July 6 came and went and the Brooklyn Nets trade sending Nick Claxton to Chicago and Julius Randle to Brooklyn didn’t get officially approved. The reason was mundane: a late add to the trade, the Bulls Mouhamadou Gueye, couldn’t be dealt until July 9 because he had been acquired by the Bulls on April 9 and couldn’t be moved for 90 days under the CBA rules.
Then July 9 came and again, nothing. While the delay only currently affects rookie Joshua Jefferson’s availability for the Vegas Summer League
— the Nets acquired his Draft rights in that deal, the reasons why nothing happened this time are not so easy to explain. Is it possible that the trade is being expanded or that the Nets are trying to determine how the trade will affect other issues going forward? It’s not that they are having second thoughts.
First indication that things weren’t going to happen quickly came from John Gambodoro of Arizona Sports Radio 98.7 in Phoenix. He indicated Thursday that there are more legalistic reasons for the further delay and they involve other deals that the Nets are not part of…
However, Jake Fischer of The Steinline suggested that may not be the only reason. He said the delay could mean the Nets are reviewing their cap space, etc., and other financials. He put it in the context of various teams’ pursuit of Peyton Watson, the 6’9” Denver Nuggets power forward who’s a restricted free agent and has been rumored to be a Nets target.
Brooklyn does still possess the cap space to furnish Watson with an offer sheet in his desired salary range, but I’m told that the Nets have been internally assessing how to utilize their available spending power before officially completing their multi-team trade with Minnesota, Charlotte and Chicago that will bring Julius Randle to Barclays Center and transport LaMelo Ball from the Hornets to the Timberwolves.
The Nets have not been keen, though, on plying Watson with an offer sheet in that $25-plus million range. It’s a ballpark, remember, that stems from Nuggets swingman Christian Braun’s five-year, $125 million rookie scale extension last October.
If Brooklyn did value Watson in that range, Denver surely would have seen an offer sheet for the 23-year-old by now. Unless the Nets’ stance changes, Memphis’ offer sheet to Quinten Post that Golden State declined to match would remain the lone offer sheet tendered to a restricted free agent to date this offseason.
That’s a bit more specific than Fischer’s comments two days ago when he said that the Nets were nothing more than a “conceptual suitor” for Watson indicating that Sean Marks & co. weren’t that interested in the 23-year-old at least at the price tag he preferred. (Fischer also stated that while the Clippers pursuit of PWat is complicated by the still unresolved Kawhi Leonard scandal, the Atlanta Hawks may be ready to enter a sign-and-trade discussion.)

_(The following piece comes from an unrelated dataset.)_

(* Let $F$ be a 3-SAT formula over variables $x_1,\dots,x_p$ with clauses $C_1,\dots,C_c$, and $A$ a partial assignment on $x_1,\dots,x_p$. Let $$X = \begin{bmatrix} 0 & 1 & 1\\ E(C_1) & 0 & 1\\ \vdots&\vdots&\vdots\\ E(C_c) & 0 & 1\\ E(A) & 0 & 1\end{bmatrix}\in\mathbb{R}^{(c+2)\times(2p+2)}$$ (the first row has the zero vector in its first $2p$ entries). Then there exist: (i) a saturated attention head with parameters $\Gamma_s^{A\models F}$ and output dimension $1$ such that $\operatorname{SaturatedAttn}(X;\Gamma_s^{A\models F})_{c+2} = \mathbf{1}_{A\models F}$; (ii) a saturated attention head with parameters $\Gamma_s^{F\models\lnot A}$ and output dimension $1$ such that $\operatorname{SaturatedAttn}(X;\Gamma_s^{F\models\lnot A})_{c+2} = \mathbf{1}_{F\models\lnot A}$; (iii) a saturated attention head with parameters $\Gamma_s^{D}$ and output dimension $2p$, and an MLP layer with ReGLU activation and parameters $\Gamma^D_{MLP}$, such that $\operatorname{MLP}\big([\operatorname{SaturatedAttn}(X;\Gamma_s^D);X];\Gamma^D_{MLP}\big)_{c+2} = E(D)$ whenever $F\not\models\lnot A$, where $D=\{\ell\in L\mid F\land A\models_1\ell\}$. The parameters depend only on $p$ and $c$, not on $F$ or $A$.
   Context: Literals $L = \{x_1,\lnot x_1,\dots,x_p,\lnot x_p\}$; clauses and partial assignments are subsets of $L$ not containing both $x_v$ and $\lnot x_v$; a clause is the disjunction of its literals and a partial assignment sets $x_v$ true if $x_v\in A$, false if $\lnot x_v\in A$. $E(B)\in\{0,1\}^{2p}$ has $E(B)_v = \mathbf{1}_{x_v\in B}$, $E(B)_{v+p} = \mathbf{1}_{\lnot x_v\in B}$. $A\models F$: every clause contains a literal of $A$. $F\models\lnot A$: some clause has all its literals' negations in $A$. $F\land A\models_1\ell$: some clause not satisfied by $A$ becomes exactly $\{\ell\}$ after deleting literals whose negations are in $A$. Saturated masked attention with weights $\Gamma_s=(W_Q,W_K,W_V)$: let $\mathbf{A} = XW_Q(XW_K)^\top$, $\mathcal{M}_i = \{j\le i \mid \mathbf{A}_{ij} = \max_{k\le i}\mathbf{A}_{ik}\}$, and $\operatorname{SaturatedAttn}(X;\Gamma_s)_i = \frac{1}{|\mathcal{M}_i|}\sum_{j\in\mathcal{M}_i} X_jW_V$. An MLP layer with ReGLU activation computes $x\mapsto W_2[(W_1x+b_1)\otimes\operatorname{ReLU}(Vx+b_2)]+b$ at each position; $[\cdot;\cdot]$ denotes rowwise concatenation. *)

theory Defs
  imports "Jordan_Normal_Form.Matrix"
begin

Of course, Fischer’s comments today may have little to do with Watson, that the Nets may be looking at other possibilities. For example, the Nets have yet to officially sign Moe Wagner. They can pay the 6’11” center either out of cap space or wait till they exhaust their space on something (or some things) then sign him out of the $9.4 million room MLE they have access to. According to a report by Mike Scotto, Nets and Wagner agreed to a two-year, $19 million deal so his first year would fit neatly in the MLE. Timing, it should be noted, is critical to managing cap space. The Nets currently have or could easily access up to $25 million.
They could clear money here and there. Malachi Smith, the rookie guard, is in the second year of a two-year, totally non-guaranteed deal. It seemed odd that he didn’t travel to Sacramento or Las Vegas as part of the Summer League development even though he’s one of the Nets younger players.
Indeed, on Friday, Smith posted a promotion for his annual youth camp in his hometown of Belleville, Ill. He contained no reference to the Nets, not in the text or in the accompanying photos…
Then, there’s the big ticket: extending Michael Porter Jr. Porter is eligible — and has been eligible for weeks — to sign an extension up to four years and $234 million. No one expects the deal to reach those heights but there’s been speculation that he could wind up with a deal for four at $160 million that would include a jump in his salary next season from $40.8 million to $49 million then a drop-off in years after that.
That contract signing could easily be the final inking of free agency.
There’s no indication that MPJ wants to leave and a number of indications that the Nets would like to keep him. It’s not just that he averaged 24.2 points, 7.3 rebounds and 3.0 assists and shot 46/36/86 last season. He has also become a mentor to the team’s youngsters. Just last week, video of him hosting four of last year’s rookies at the Lake of the Ozarks in Missouri in May recirculated…
And as noted, he recently hosted Watson, his former Nuggets teammate, on a yacht in the Mediterranean. Does that mean anything other the two, who have been close, remain friends?